TOXIC EFFECTS OF PYRETHROID-INSECTICIDES. Experimental investigations with animals have provided evidence in the early eighteenth, prior to mass-indoor-application, that pyrethroids are neurotoxic. They are membrane-poisons, of which is known, that they disturb - among other function -the nervous conduction not only of insects and other invertebrates, but also of vertebrates and, therefore, humans. Because of their deficient specificity, high effectiveness, irreversibility and accumulation of their effects as well as their persistence in the environment, many investigators predicted, that the mass-use of pyrethroids in the environment of humans, would lead to chronic health-impairments.
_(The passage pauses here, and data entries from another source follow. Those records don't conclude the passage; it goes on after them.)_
lemma binomial_partial_fraction_sum_even_part:
  fixes m :: nat and z :: complex
  assumes "m \<ge> 2" and "z \<noteq> 0" and "norm z < 1"
  shows "(binomial_partial_fraction_sum m z + binomial_partial_fraction_sum m (-z)) / 2 =
     2 * (-1) ^ (m - 1) / of_nat m * Ln (1 - z^2)
     + (-1) ^ m / z * Ln ((1 - z) / (1 + z))
     + 1 / of_nat (m - 1) * ((-1) ^ m * (1 + z) * (z / (1 + z)) ^ m
                              + (1 - z) * (z / (1 - z)) ^ m)
     - 1 / of_nat m * ((-1) ^ m * z * (z / (1 + z)) ^ m - z * (z / (1 - z)) ^ m)
     + 2 / of_nat m * (\<Sum>j=1..m-1. 1 / of_nat (m - j) *
          ((-1) ^ m * (z / (1 + z)) ^ (m - j) + (-1) ^ j * (z / (1 - z)) ^ (m - j)))
     + (\<Sum>j=0..m-1. 1 / of_nat (m - j) *
          ((-1) ^ m * (1 / z) * (z / (1 + z)) ^ (m - j)
           - (-1) ^ j * (1 / z) * (z / (1 - z)) ^ (m - j)))"
    (is "_ = ?L1 + ?L2 + ?L3 - ?L4 + ?L5 + ?L6")
proof -
  obtain p where m: "m = Suc p"
    using assms(1) by (cases m) auto
  define a where "a = z / (1 + z)"
  define b where "b = z / (1 - z)"
  have "(binomial_partial_fraction_sum m z + binomial_partial_fraction_sum m (-z)) / 2
      = (binomial_div_pred_sum m z + binomial_div_pred_sum m (-z))
        + (binomial_primitive m (-z) - binomial_primitive m z) / z
        - 2 / of_nat m * (binomial_primitive p z + binomial_primitive p (-z))"
    unfolding binomial_partial_fraction_sum_def m using assms(2)
    by (simp add: field_simps del: of_nat_Suc)
  also have "binomial_div_pred_sum m z + binomial_div_pred_sum m (-z) = ?L3 - ?L4"
    using binomial_div_pred_sum_even_part[OF assms(1)] .
  also have "(binomial_primitive m (-z) - binomial_primitive m z) / z = ?L2 + ?L6"
  proof -
    have "(\<Sum>j=0..m-1. 1 / of_nat (m - j) *
            ((-1) ^ m * (1 / z) * a ^ (m - j) - (-1) ^ j * (1 / z) * b ^ (m - j)))
        = (\<Sum>j<m. ((-1) ^ m * a ^ (m - j) - (-1) ^ j * b ^ (m - j)) / of_nat (m - j)) / z"
      unfolding sum_divide_distrib using assms(2) m
      by (intro sum.cong) (auto simp: field_simps)
    then show ?thesis
      unfolding binomial_primitive_odd_part[OF assms(3)] a_def[symmetric] b_def[symmetric]
      by (simp add: add_divide_distrib)
  qed
  also have "2 / of_nat m * (binomial_primitive p z + binomial_primitive p (-z)) = - ?L1 - ?L5"
  proof -
    have shifted:
      "(\<Sum>j=1..m-1. 1 / of_nat (m - j) * ((-1) ^ m * a ^ (m - j) + (-1) ^ j * b ^ (m - j)))
        = - (\<Sum>j<p. ((-1) ^ p * a ^ (p - j) + (-1) ^ j * b ^ (p - j)) / of_nat (p - j))"
      unfolding m sum_bounds_lt_plus1[symmetric] sum_negf[symmetric]
      by (intro sum.cong refl) (simp_all add: divide_simps del: of_nat_diff)
    show ?thesis
      unfolding binomial_primitive_even_part[OF assms(3)] a_def[symmetric] b_def[symmetric] shifted
      unfolding m diff_Suc_1 by (simp add: algebra_simps)
  qed
  finally show ?thesis
    by (simp add: algebra_simps)
qed

theorem lemma6:
  fixes m :: nat and z :: complex
  assumes "m \<ge> 2" and "0 < cmod z" and "cmod z < 1"
  shows "(\<lambda>n. let k = n + 1 in
            of_nat ((2*k) choose m) * z ^ (2*k)
              / (of_nat (2*k - 1) * of_nat k ^ 2 * of_nat (2*k + 1)))
    sums
    (2 * (-1) ^ (m - 1) / of_nat m * Ln (1 - z^2)
     + (-1) ^ m / z * Ln ((1 - z) / (1 + z))
     + 1 / of_nat (m - 1) * ((-1) ^ m * (1 + z) * (z / (1 + z)) ^ m
                              + (1 - z) * (z / (1 - z)) ^ m)
     - 1 / of_nat m * ((-1) ^ m * z * (z / (1 + z)) ^ m - z * (z / (1 - z)) ^ m)
     + 2 / of_nat m * (\<Sum>j=1..m-1. 1 / of_nat (m - j) *
          ((-1) ^ m * (z / (1 + z)) ^ (m - j) + (-1) ^ j * (z / (1 - z)) ^ (m - j)))
     + (\<Sum>j=0..m-1. 1 / of_nat (m - j) *
          ((-1) ^ m * (1 / z) * (z / (1 + z)) ^ (m - j)
           - (-1) ^ j * (1 / z) * (z / (1 - z)) ^ (m - j))))"
proof -
  let ?c = "\<lambda>n. 2 / (of_nat n - 1) - 2 / (of_nat n + 1) - 4 / of_nat n ^ 2 :: complex"
  let ?f = "\<lambda>n. of_nat (n choose m) * z ^ n * ?c n"
  have "z \<noteq> 0"
    using assms(2) by auto
  have "?f sums binomial_partial_fraction_sum m z"
    and "(\<lambda>n. (-1) ^ n * ?f n) sums binomial_partial_fraction_sum m (-z)"
    using binomial_partial_fraction_sums[of z m] binomial_partial_fraction_sums[of "-z" m]
      assms \<open>z \<noteq> 0\<close>
    by (simp_all add: power_minus[of z] mult_ac)
  from sums_even_terms[OF this]
  have "(\<lambda>n. ?f (2 * Suc n))
      sums ((binomial_partial_fraction_sum m z + binomial_partial_fraction_sum m (-z)) / 2)"
    using assms(1) by (subst sums_Suc_iff) (simp add: binomial_eq_0)
  moreover have "?f (2 * Suc n) = (let k = n + 1 in of_nat ((2*k) choose m) * z ^ (2*k)
      / (of_nat (2*k - 1) * of_nat k ^ 2 * of_nat (2*k + 1)))" for n
    unfolding Let_def Suc_eq_plus1 partial_fraction_decomposition[OF le_add2] by simp
  ultimately show ?thesis
    unfolding binomial_partial_fraction_sum_even_part[OF assms(1) \<open>z \<noteq> 0\<close> assms(3)]
    by simp
qed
Results of clinical investigations suggest, that the predictions have become reality and nessitate the discussion of causal-relationship between exposure and the exposed subject=s symptoms.

 

A causal relationship is to be assumed if 1. the exposure is documented (acute intoxication), or the substance can be demonstrated in the patient=s environment or his or her body (chronic intoxication),

2. other diseases or other causes for the complaints can be excluded, 3. a regular time interval is evident from the beginning of the exposure till the onset of symptoms (latency period for acute intoxication), or between the end of exposure and the decrease of complaints (chronic intoxication) 4. the clinical picture resembles that of a multitude of patients which have been exposed to the same chemical substance.

 

The clinical picture of pyrethroid intoxication is characterized by the following parameters: 1. complaint spectrum, 2, course of disease (1. and 2., described in another communication), 3. dosis-time relation of the latency period. Immediately after spray-missions pyrethroid room air concentrations were up to 500 ug/m3, after 1 hour 50 ug/m3, and 14 days later less than 0.1m3 ug/m3, till a constant value is attained, i.e. of 0,01 ug/m3 at a load of 500 mg/kg house dust for instance. Under these conditions textile fibers accumulate biocides from the room air, cotton fibers for instance up to 80 mg/kg. Excretory measurements have shown, that contaminated textiles in close contact with the skin have a higher impact on the whole body load than the contaminated room air. After 2 hour surfaces placed in the treated room are covered with 220 to 900 ug/m2, in case of cyfluthrin for instance, this value is reduced only slightly after 60 hours.

 

Latencies: 1. At single high-concentration exposure during self application by spraying or brushing, the latency amounts to 0-12 hours (acute intoxication). 2. At medium-concentration exposure, i.e. during electro-evaporator-application at distances smaller than 50 cm to the face, or if the treated room is entered and cleaned by the patient less than 3 days after spray missions the latency amounts to 2-6 days (subacute intoxication), 3. at low concentration-exposure during electro-evaporator-application at distances greater than 50 cm - corresponding to 2 ug/m3,-or if the pyrethroid-concentration in the house dust exceeds 10 mg/kg: months up to years (slow onset). Provided threshold dosis is exceeded, the latency thus increases with decreasing dose rate (dosis/time). Both, inhalative and dermal uptake have to be considered in every case.

 

Helmuth Müller-Mohnssen (Prof. Dr. med), D-85737 Ismaning (Munich), Wasserturnstr. 39 Ludwig-Maximilians-University Munich. Title of communications: 1. Toxic effects of Pyrethroid-biocides, 2. Clinical series of patients with Pyrethroid-Intoxication. Educational background: Pathology, Physiology. Working fields: 1. Hydrodynamic mechanism involved in thrombogenesis and atherogenesis, 2. The electrophysical basis of impulse-generation performed by the excitable nerve fibre membrane.

 

OUTLINE

 

Outline information not available at time of printing.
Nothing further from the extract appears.